The next morning, we got a semi-late start and grabbed a quick lunch at Max (a Swedish fast food chain) before attempting to use the public transit to get to a little island called Skansen. However, we quickly became frustrated when we bought bus tickets and discovered that the trams weren’t even running! When we asked someone why everything seemed to be out of whack, he simply stared at us and said “the Queen is having a parade!”

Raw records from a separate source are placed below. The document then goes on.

lemma pseq_initial: "pseq 0 = 1 \<and> pseq 1 = 5 \<and> pseq 2 = 25"
  using para_chain_selections_Suc[of 0] para_chain_selections_Suc[of 1]
  by (simp add: pseq_eq numeral_2_eq_2 chain_selections_0)

lemma mseq_initial: "mseq 0 = 1 \<and> mseq 1 = 5 \<and> mseq 2 = 25"
  using meta_chain_selections_Suc[of 0] meta_chain_selections_Suc[of 1]
  by (simp add: mseq_eq numeral_2_eq_2 chain_selections_0)

lemma oseq_initial: "oseq 0 = 1 \<and> oseq 1 = 5 \<and> oseq 2 = 25"
  using ortho_chain_selections_Suc[of 0] ortho_chain_selections_Suc[of 1]
  by (simp add: oseq_eq numeral_2_eq_2 chain_selections_0)

lemma pseq_recurrence:
  "pseq (Suc (Suc (Suc m))) = 5 * pseq (Suc (Suc m)) - 4 * pseq (Suc m) + 4 * pseq m"
  using para_chain_selections_Suc by (simp add: pseq_eq)

lemma mseq_recurrence:
  "mseq (Suc (Suc (Suc m))) = 6 * mseq (Suc (Suc m)) - 3 * mseq (Suc m) + 2 * mseq m"
  using meta_chain_selections_Suc by (simp add: mseq_eq)

lemma oseq_recurrence:
  "oseq (Suc (Suc (Suc m))) = 4 * oseq (Suc (Suc m)) + 4 * oseq (Suc m) + oseq m"
  using ortho_chain_selections_Suc by (simp add: oseq_eq)

theorem corollary3p5:
  shows "(pseq 0 = 1 \<and> pseq 1 = 5 \<and> pseq 2 = 25 \<and>
          (\<forall>n\<ge>3. pseq n = 5 * pseq (n - 1) - 4 * pseq (n - 2) + 4 * pseq (n - 3)))
       \<and> (mseq 0 = 1 \<and> mseq 1 = 5 \<and> mseq 2 = 25 \<and>
          (\<forall>n\<ge>3. mseq n = 6 * mseq (n - 1) - 3 * mseq (n - 2) + 2 * mseq (n - 3)))
       \<and> (oseq 0 = 1 \<and> oseq 1 = 5 \<and> oseq 2 = 25 \<and>
          (\<forall>n\<ge>3. oseq n = 4 * oseq (n - 1) + 4 * oseq (n - 2) + oseq (n - 3)))"
proof -
  have from_3: "\<forall>n\<ge>3. P n" if "\<And>m. P (Suc (Suc (Suc m)))" for P :: "nat \<Rightarrow> bool"
  proof (intro allI impI)
    fix n :: nat assume "3 \<le> n"
    then have "n = Suc (Suc (Suc (n - 3)))"
      by simp
    with that show "P n"
      by metis
  qed
  have "\<forall>n\<ge>3. pseq n = 5 * pseq (n - 1) - 4 * pseq (n - 2) + 4 * pseq (n - 3)"
    by (rule from_3) (simp add: pseq_recurrence)
  moreover have "\<forall>n\<ge>3. mseq n = 6 * mseq (n - 1) - 3 * mseq (n - 2) + 2 * mseq (n - 3)"
    by (rule from_3) (simp add: mseq_recurrence)
  moreover have "\<forall>n\<ge>3. oseq n = 4 * oseq (n - 1) + 4 * oseq (n - 2) + oseq (n - 3)"
    by (rule from_3) (simp add: oseq_recurrence)
  ultimately show ?thesis
    using pseq_initial mseq_initial oseq_initial by blast
qed

end
lemma phi2_affine_combinations:
  assumes "finite S"
    and sq: "\<And>d. d \<in> S \<Longrightarrow> square_integrable M (p d) \<and> square_integrable M (q d)"
    and uncorr: "\<forall>d\<in>S. \<forall>e\<in>S. d \<noteq> e \<longrightarrow>
               cov M (p d) (p e) = 0 \<and> cov M (q d) (q e) = 0 \<and> cov M (q d) (p e) = 0"
    and X: "\<And>u. u \<in> {a, b} \<Longrightarrow> X u = (\<lambda>\<omega>. cX u + (\<Sum>d\<in>S. \<alpha> u d * p d \<omega> + \<beta> u d * q d \<omega>))"
    and Y: "\<And>u. u \<in> {a, b} \<Longrightarrow> Y u = (\<lambda>\<omega>. cY u + (\<Sum>d\<in>S. \<gamma> u d * p d \<omega> + \<delta> u d * q d \<omega>))"
  shows "phi2 M X Y a b = (\<Sum>d\<in>S. (\<alpha> a d - \<alpha> b d) * (\<gamma> a d - \<gamma> b d) * cov M (p d) (p d)
      + (\<beta> a d - \<beta> b d) * (\<delta> a d - \<delta> b d) * cov M (q d) (q d)
      + ((\<alpha> a d - \<alpha> b d) * (\<delta> a d - \<delta> b d) + (\<beta> a d - \<beta> b d) * (\<gamma> a d - \<gamma> b d))
        * cov M (p d) (q d))"
proof -
  have int: "integrable M (p d) \<and> integrable M (q d)" if "d \<in> S" for d
    using sq[OF that] integrable_square_integrable by blast
  note centered = centered_affine_combination[OF \<open>finite S\<close> int]
  have cX: "centered M (X u) \<omega> = (\<Sum>d\<in>S. \<alpha> u d * centered M (p d) \<omega> + \<beta> u d * centered M (q d) \<omega>)"
    if "u \<in> {a, b}" for u \<omega>
    unfolding X[OF that] by (rule centered)
  have cY: "centered M (Y u) \<omega> = (\<Sum>d\<in>S. \<gamma> u d * centered M (p d) \<omega> + \<delta> u d * centered M (q d) \<omega>)"
    if "u \<in> {a, b}" for u \<omega>
    unfolding Y[OF that] by (rule centered)
  have diff_X: "centered M (X a) \<omega> - centered M (X b) \<omega>
      = (\<Sum>d\<in>S. (\<alpha> a d - \<alpha> b d) * centered M (p d) \<omega> + (\<beta> a d - \<beta> b d) * centered M (q d) \<omega>)"
    and diff_Y: "centered M (Y a) \<omega> - centered M (Y b) \<omega>
      = (\<Sum>d\<in>S. (\<gamma> a d - \<gamma> b d) * centered M (p d) \<omega> + (\<delta> a d - \<delta> b d) * centered M (q d) \<omega>)"
    for \<omega>
    by (simp_all add: cX cY sum_subtractf[symmetric] algebra_simps)
  show ?thesis
    unfolding phi2_centered diff_X diff_Y
    by (rule integral_centered_combinations_product[OF \<open>finite S\<close> sq uncorr])
qed
lemma phi_quadratic_pos:
  assumes "phi \<mu> x > 0" and "y \<noteq> 0"
  shows "0 < phi \<mu> x * (y \<bullet> y) - \<mu> * (x \<bullet> y)^2"
proof (cases "\<mu> \<ge> 0")
  case True
  have "\<mu> * (x \<bullet> y)^2 \<le> \<mu> * ((x \<bullet> x) * (y \<bullet> y))"
    using True Cauchy_Schwarz_ineq[of x y] by (rule mult_left_mono[rotated])
  moreover have "0 < y \<bullet> y" using \<open>y \<noteq> 0\<close> by simp
  moreover have "phi \<mu> x * (y \<bullet> y) - \<mu> * (x \<bullet> y)^2 = y \<bullet> y + (\<mu> * ((x \<bullet> x) * (y \<bullet> y)) - \<mu> * (x \<bullet> y)^2)"
    by (simp add: phi_def algebra_simps)
  ultimately show ?thesis by linarith
next
  case False
  then have "0 \<le> - \<mu> * (x \<bullet> y)^2" by (simp add: mult_nonpos_nonneg)
  moreover have "0 < phi \<mu> x * (y \<bullet> y)" using assms by simp
  ultimately show ?thesis by simp
qed

lemma alpha_bar_quadratic_form:
  "y \<bullet> (alpha_bar \<mu> x *v y) = (phi \<mu> x * (y \<bullet> y) - \<mu> * (x \<bullet> y)^2) / rho \<mu> x ^ 6"
  by (simp add: alpha_bar_def matrix_vector_mult_def index_sum_simps diff_divide_distrib
      add_divide_distrib sum_divide_distrib)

The Nordic museum after the queen’s parade

Evidently, we just so happened to be in town on the Swedish national holiday, and the queen of Sweden just so happened to be having a parade in Stockholm. We asked around a little more and found out that it was nearly a 30 minute walk to Skansen. We headed east and started our journey to the little island, where we would be able to observe the parade. We eventually made it to a pretty good viewing spot, where we sat and watched the festivities take place, and got to see the queen! What an odd day.

Fun at the park with flowers!!

After the parade, I got a cinnamon bun from a vendor and we all sat down at an extremely cute little park for the evening. We watched families play and took pictures with the flowers and just generally enjoyed the atmosphere. We headed back towards the center of town and our hostel and stopped on the way for food. I finally got the real Swedish meatballs (I’ve only had the IKEA ones) I had been hoping for, complete with potatoes and lingonberries.

It was a great way to end the night, as it was my last night of backpacking. The next morning, I would set off for my second study abroad program….completely and 100% alone.

Week Two: Florence, Siena, and Rome

The second week of the PLC trip began with a short bus ride to Florence. This was another moment where I had trouble comprehending where I was–Florence: the birthplace of the Renaissance. For real.

We arrived at our hotel (the Hotel California, oddly enough) and immediately began our tour with Kirk Ducleaux. Kirk is a fiery, fast-paced instructor, and he didn’t wait on anyone to catch up. We began by touring near the duomo and the baptistery, with Kirk talking in our earpieces (this was a new concept–there were a lot more people (a lot more tourists) in Florence, and it would be much easier to get lost from this point on). We learned about the church, the baptistery, and other important buildings in Florence, and then we visited a museum to look at some important works. We got to see Ghiberti’s doors, which I recalled learning about in my sophomore year world history class, and some other famous sculptures by the likes of Michelangelo and Donatello. After the museum tour, we got to climb to the top of the dome of the cathedral. It was absolutely the most breathtaking view of anything I have experienced. It was a panoramic view of the city and the surrounding mountains, and one could see centuries of history in a single glance.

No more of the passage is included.